The price they quoted you is probably for a 7.5 mil film. I would recommend either the 22.5 or 32.5 mil films as they will be more durable and give you more for your money.

I personally sandblast my logo into my hive bodies.


----------



## clintonbemrose (Oct 23, 2001)

I brand all of my boxes with a logo of the business registered when I incorporated as a small business.
Last year I had a client try to claim the hives were his. The only thing that saved me the hives were that they were branded this way and could not be changed easily.
This got me back the hives and saved me the court costs and made him pay my legal fees because he lied to the court.
Clint

------------------
Clinton Bemrose
just South of Lansing Michigan
Beekeeping sence 1964


----------



## loggermike (Jul 23, 2000)

Bills right.I bought the portapro with interchangeable letters from Brand New.It doesnt get hot enough to burn a deep clean brand.This company apparently doesnt know what a good brand should look like!


----------



## SippyBees (Feb 17, 2004)

HEY... The BEST thing to do is paint them "camoflage" color.... then they will blend in with nature and noone can find them!! And just so the owner can find them he can attach a homing beacon and track them with a receiver.... or store GPS locations in a receiver so you can backtrack back to your hives..... Wait,.. what about invisible paint?? 
Ehhh.... I guess it's just an idea anyway..
: ))
SippyBee


----------



## magnet-man (Jul 10, 2004)

If you have a router, you can make a template out of mdf and just route you name or initials into the side of the hive. Not as quick as branding but cheap if you already own a router


----------



## dickm (May 19, 2002)

All of these ideas are good. I bought a stainless steel fork at a tag sale. The kind with a wooden handle. So far 3 tines ='03, four tines =04 and I bent one tine in a circle to ='05. I brand the frames as I build them. All this with a blow torch.

dickm


----------



## TwT (Aug 5, 2004)

i bought a childs wood burning kit from walmart for about $15 and just burn my intials in the inside and out side.


----------



## Guest (Dec 12, 2004)

Thanks to all for the helpful feedback. I iamgine I will try several of the suggesstions that were made. In the meantime I have moved the hives to another property...a little less remote...where the neighbors know me and know who owns the hives. Again..thanks everybody!
Barry
Indianapolis


----------



## Dick Allen (Sep 4, 2004)

Maybe you could have a branding iron made with the words: 'WARNING: KILLER BEES INSIDE!"


----------



## Michael Bush (Aug 2, 2002)

'WARNING: KILLER BEES INSIDE!"

That could backfire. How about "Beware of Bees"


----------



## JohnBeeMan (Feb 24, 2004)

..How about "Beware of Bees"

How about "Beware of 16 gauge shotgun" loaded with rock salt. 

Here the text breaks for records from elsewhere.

(* Let $1<p<\infty$, let $\alpha\in SOS(\mathbb{R}_+)$, and let $\omega$ be its exponent function, i.e. $\alpha(t)=te^{\omega(t)}$. Then the function $\mathfrak c(t,x):=e^{i\omega(t)(x+i/p)}r_p(x)$, $(t,x)\in\mathbb{R}_+\times\mathbb{R}$, belongs to $C_b(\mathbb{R}_+,V(\mathbb{R}))$.
   Context: $\mathbb{R}_+=(0,\infty)$. $SO(\mathbb{R}_+)$: bounded continuous complex $f$ on $\mathbb{R}_+$ with $\lim_{r\to s}\sup\{|f(t)-f(\tau)|:t,\tau\in[\lambda r,r]\}=0$ for $s\in\{0,\infty\}$ and each (equivalently some) $\lambda\in(0,1)$. $SOS(\mathbb{R}_+)$: orientation-preserving diffeomorphisms $\alpha$ of $\mathbb{R}_+$ onto itself with no fixed points in $\mathbb{R}_+$ such that $\log\alpha'$ is bounded continuous and $\alpha'\in SO(\mathbb{R}_+)$; for such $\alpha$ the exponent function $\omega(t)=\log[\alpha(t)/t]$ is real-valued and lies in $SO(\mathbb{R}_+)$. $r_p(x)=1/\sinh[\pi(x+i/p)]$. $V(\mathbb{R})$ is the Banach algebra of absolutely continuous functions of finite total variation on $\mathbb{R}$ with norm $\|a\|_V=\|a\|_{L^\infty(\mathbb{R})}+\int_{\mathbb{R}}|a'(x)|dx$; $C_b(\mathbb{R}_+,V(\mathbb{R}))$ is the Banach algebra of bounded continuous maps $t\mapsto\mathfrak a(t,\cdot)$ from $\mathbb{R}_+$ to $V(\mathbb{R})$ with norm $\sup_t\|\mathfrak a(t,\cdot)\|_V$. *)

theory Defs
  imports "HOL-Analysis.Analysis"
begin

definition osc :: "(real \<Rightarrow> complex) \<Rightarrow> real \<Rightarrow> real \<Rightarrow> real" where
  "osc f l r = Sup {norm (f t - f \<tau>) | t \<tau>. t \<in> {l * r..r} \<and> \<tau> \<in> {l * r..r}}"

definition SO :: "(real \<Rightarrow> complex) \<Rightarrow> bool" where
  "SO f \<longleftrightarrow> bounded (f ` {0<..}) \<and> continuous_on {0<..} f \<and>
     (\<forall>l. 0 < l \<and> l < 1 \<longrightarrow>
        ((osc f l \<longlongrightarrow> 0) (at_right 0)) \<and> ((osc f l \<longlongrightarrow> 0) at_top))"

definition C1_pos :: "(real \<Rightarrow> real) \<Rightarrow> bool" where
  "C1_pos f \<longleftrightarrow> (\<exists>d. (\<forall>t>0. (f has_real_derivative d t) (at t)) \<and> continuous_on {0<..} d)"

definition diffeo_pos :: "(real \<Rightarrow> real) \<Rightarrow> bool" where
  "diffeo_pos a \<longleftrightarrow> bij_betw a {0<..} {0<..} \<and> C1_pos a \<and> C1_pos (inv_into {0<..} a)"

definition SOS :: "(real \<Rightarrow> real) \<Rightarrow> bool" where
  "SOS a \<longleftrightarrow> diffeo_pos a \<and> strict_mono_on {0<..} a \<and> (\<forall>t>0. a t \<noteq> t) \<and>
     (\<forall>t>0. deriv a t > 0) \<and>
     bounded ((\<lambda>t. ln (deriv a t)) ` {0<..}) \<and> continuous_on {0<..} (\<lambda>t. ln (deriv a t)) \<and>
     SO (\<lambda>t. complex_of_real (deriv a t))"

definition r_p :: "real \<Rightarrow> real \<Rightarrow> complex" where
  "r_p p x = 1 / sinh (complex_of_real pi * (complex_of_real x + \<i> / complex_of_real p))"

definition abs_cont_on :: "(real \<Rightarrow> complex) \<Rightarrow> real \<Rightarrow> real \<Rightarrow> bool" where
  "abs_cont_on f u v \<longleftrightarrow> (\<forall>e>0. \<exists>d>0. \<forall>(n::nat) (a::nat \<Rightarrow> real) b.
      (\<forall>k<n. u \<le> a k \<and> a k \<le> b k \<and> b k \<le> v) \<and>
      (\<forall>j<n. \<forall>k<n. j \<noteq> k \<longrightarrow> b j \<le> a k \<or> b k \<le> a j) \<and>
      (\<Sum>k<n. b k - a k) < d \<longrightarrow> (\<Sum>k<n. norm (f (b k) - f (a k))) < e)"

definition variation_sums :: "(real \<Rightarrow> complex) \<Rightarrow> real set" where
  "variation_sums f = {(\<Sum>k<n. norm (f (x (Suc k)) - f (x k))) | n x. \<forall>k<n. x k < x (Suc k)}"

definition finite_total_variation :: "(real \<Rightarrow> complex) \<Rightarrow> bool" where
  "finite_total_variation f \<longleftrightarrow> bdd_above (variation_sums f)"

definition in_V :: "(real \<Rightarrow> complex) \<Rightarrow> bool" where
  "in_V f \<longleftrightarrow> (\<forall>u v. u \<le> v \<longrightarrow> abs_cont_on f u v) \<and> finite_total_variation f"

text \<open>Norm of V(R): L-infinity norm (= sup norm, the functions being continuous) plus
  the L^1 norm of the (a.e.) derivative.\<close>
definition V_norm :: "(real \<Rightarrow> complex) \<Rightarrow> real" where
  "V_norm f = (SUP x. norm (f x)) + (\<integral>x. norm (vector_derivative f (at x)) \<partial>lebesgue)"

definition in_Cb_V :: "(real \<Rightarrow> real \<Rightarrow> complex) \<Rightarrow> bool" where
  "in_Cb_V c \<longleftrightarrow>
     (\<forall>t>0. in_V (c t)) \<and>
     (\<forall>t>0. \<forall>e>0. \<exists>d>0. \<forall>s>0. \<bar>s - t\<bar> < d \<longrightarrow> V_norm (\<lambda>x. c s x - c t x) < e) \<and>
     (\<exists>M. \<forall>t>0. V_norm (c t) \<le> M)"

end

theory Submission
  imports Defs "HOL-Probability.Sinc_Integral"
begin

text \<open>Write \<open>c\<^sub>w(x) = exp(i w (x + i/p)) r\<^sub>p(x)\<close>. Since \<open>sinh(\<pi> (x + i/p))\<close> stays away from 0 and
  grows like \<open>exp(\<pi> |x|)\<close>, both \<open>r\<^sub>p\<close> and \<open>r\<^sub>p'\<close> decay like \<open>exp(-\<pi> |x|)\<close>. Hence, uniformly
  for \<open>|w| \<le> W\<close>, \<open>c\<^sub>w\<close> is bounded and \<open>c\<^sub>w'\<close> is dominated by some \<open>K / (1 + x\<^sup>2)\<close>. Such a function
  lies in \<open>V(\<real>)\<close>, because \<open>K arctan\<close> majorizes its increments, and its norm is at most
  \<open>sup |c\<^sub>w| + \<pi> K\<close>. As \<open>|exp(i w\<^sub>1 \<zeta>) - exp(i w\<^sub>2 \<zeta>)| \<le> |w\<^sub>1 - w\<^sub>2| (1 + |x|) exp W\<close> for
  \<open>\<zeta> = x + i/p\<close>, the same estimates applied to \<open>c\<^sub>w\<^sub>1 - c\<^sub>w\<^sub>2\<close> make \<open>w \<mapsto> c\<^sub>w\<close> Lipschitz into
  \<open>V(\<real>)\<close> on bounded sets. Finally \<open>\<alpha>'\<close> lies between two positive constants, hence so does
  \<open>\<alpha>(t)/t\<close>, and the exponent \<open>\<omega>\<close> is a bounded continuous function; composing gives the claim.\<close>

lemma norm_diff_le_of_derivative_majorant:
  fixes f f' :: "real \<Rightarrow> 'a::banach" and g g' :: "real \<Rightarrow> real"
  assumes "a \<le> b"
    and "\<And>x. x \<in> {a..b} \<Longrightarrow> (f has_vector_derivative f' x) (at x)"
    and "\<And>x. x \<in> {a..b} \<Longrightarrow> (g has_real_derivative g' x) (at x)"
    and "\<And>x. x \<in> {a..b} \<Longrightarrow> norm (f' x) \<le> g' x"
  shows "norm (f b - f a) \<le> g b - g a"
proof (cases "a = b")
  case False
  with \<open>a \<le> b\<close> have "a < b" by simp
  then show ?thesis
  proof (rule differentiable_bound_general)
    show "continuous_on {a..b} f"
      using assms(2) has_vector_derivative_continuous by (blast intro: continuous_at_imp_continuous_on)
    show "continuous_on {a..b} g"
      using assms(3) DERIV_isCont by (blast intro: continuous_at_imp_continuous_on)
    show "\<And>x. a < x \<Longrightarrow> x < b \<Longrightarrow> (g has_vector_derivative g' x) (at x)"
      using assms(3) has_real_derivative_iff_has_vector_derivative by auto
    show "\<And>x. a < x \<Longrightarrow> x < b \<Longrightarrow> (f has_vector_derivative f' x) (at x)"
      and "\<And>x. a < x \<Longrightarrow> x < b \<Longrightarrow> norm (f' x) \<le> g' x"
      using assms(2,4) by auto
  qed
qed simp

lemma abs_cont_on_if_Lipschitz:
  assumes L: "0 \<le> L" and lip: "\<And>a b. a \<le> b \<Longrightarrow> norm (f b - f a) \<le> L * (b - a)"
  shows "abs_cont_on f u v"
  unfolding abs_cont_on_def
proof (intro allI impI)
  fix e :: real assume "e > 0"
  show "\<exists>d>0. \<forall>(n::nat) (a::nat \<Rightarrow> real) b.
      (\<forall>k<n. u \<le> a k \<and> a k \<le> b k \<and> b k \<le> v) \<and>
      (\<forall>j<n. \<forall>k<n. j \<noteq> k \<longrightarrow> b j \<le> a k \<or> b k \<le> a j) \<and>
      (\<Sum>k<n. b k - a k) < d \<longrightarrow> (\<Sum>k<n. norm (f (b k) - f (a k))) < e"
  proof (intro exI[of _ "e / (L + 1)"] conjI allI impI)
    show "0 < e / (L + 1)" using \<open>e > 0\<close> L by simp
    fix n :: nat and a b :: "nat \<Rightarrow> real"
    assume h: "(\<forall>k<n. u \<le> a k \<and> a k \<le> b k \<and> b k \<le> v) \<and>
      (\<forall>j<n. \<forall>k<n. j \<noteq> k \<longrightarrow> b j \<le> a k \<or> b k \<le> a j) \<and>
      (\<Sum>k<n. b k - a k) < e / (L + 1)"
    have "(\<Sum>k<n. norm (f (b k) - f (a k))) \<le> (\<Sum>k<n. (L + 1) * (b k - a k))"
    proof (rule sum_mono)
      fix k assume "k \<in> {..<n}"
      with h have "a k \<le> b k" by auto
      with lip[OF this] show "norm (f (b k) - f (a k)) \<le> (L + 1) * (b k - a k)"
        by (simp add: algebra_simps)
    qed
    also have "\<dots> = (L + 1) * (\<Sum>k<n. b k - a k)" by (simp add: sum_distrib_left)
    also have "\<dots> < (L + 1) * (e / (L + 1))"
      using h L by (intro mult_strict_left_mono) auto
    also have "\<dots> = e" using L by simp
    finally show "(\<Sum>k<n. norm (f (b k) - f (a k))) < e" .
  qed
qed

lemma finite_total_variation_if_bounded_majorant:
  assumes maj: "\<And>a b. a \<le> b \<Longrightarrow> norm (f b - f a) \<le> g b - g a"
    and bnd: "\<And>x. \<bar>g x\<bar> \<le> M"
  shows "finite_total_variation f"
  unfolding finite_total_variation_def variation_sums_def bdd_above_def
proof (intro exI[of _ "2 * M"] ballI)
  fix z assume "z \<in> {\<Sum>k<n. norm (f (x (Suc k)) - f (x k)) |n x. \<forall>k<n. x k < x (Suc k)}"
  then obtain n x where z: "z = (\<Sum>k<n. norm (f (x (Suc k)) - f (x k)))"
    and mono: "\<forall>k<n. x k < x (Suc k)" by blast
  have "z \<le> (\<Sum>k<n. g (x (Suc k)) - g (x k))"
    unfolding z using mono by (intro sum_mono maj) (auto intro: less_imp_le)
  also have "\<dots> = g (x n) - g (x 0)" by (rule sum_lessThan_telescope)
  also have "\<dots> \<le> 2 * M" using bnd[of "x n"] bnd[of "x 0"] by linarith
  finally show "z \<le> 2 * M" .
qed

lemma
  shows integrable_lebesgue_inverse_1_plus_square: "integrable lebesgue (\<lambda>x::real. inverse (1 + x\<^sup>2))"
    and integral_lebesgue_inverse_1_plus_square: "(\<integral>x. inverse (1 + x\<^sup>2) \<partial>lebesgue) = (pi :: real)"
proof -
  have "integrable lborel (\<lambda>x::real. inverse (1 + x\<^sup>2))"
    and "(\<integral>x. inverse (1 + x\<^sup>2) \<partial>lborel) = (pi :: real)"
    using integrable_inverse_1_plus_square LBINT_inverse_1_plus_square
    by (simp_all add: set_integrable_def set_lebesgue_integral_def interval_lebesgue_integral_def)
  then show "integrable lebesgue (\<lambda>x::real. inverse (1 + x\<^sup>2))"
    and "(\<integral>x. inverse (1 + x\<^sup>2) \<partial>lebesgue) = (pi :: real)"
    by (simp_all add: integrable_completion integral_completion)
qed

lemma inverse_1_plus_square_le_1: "inverse (1 + (x::real)\<^sup>2) \<le> 1"
  by (simp add: inverse_le_1_iff)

I think someone messing with my bees would bother me more than their doys bothering my chickens!!

And where are the cops and DAs when you need them?


----------



## Guest (Dec 13, 2004)

Yeah....I thought about posting the "killer bee" warning sign. I laughed a bit, then got to thinking that it might cause some un-necessary trouble. Then I thought that maybe if there actually "were" africanized bee's, then that might might prove to be amusing for me in the case of another attempted theft!


----------



## watermotor (Nov 12, 2004)

Hive theft is a major obstacle to beekeeping here in Bolivia. 
What about a metal strap coming through a slot in the bottom of the hive with a pin or lock inside that can only be removed if the frames or top bars ( and bees ) are removed first? 
The strap would be set in cement or attached to a pipe or rod driven into the earth.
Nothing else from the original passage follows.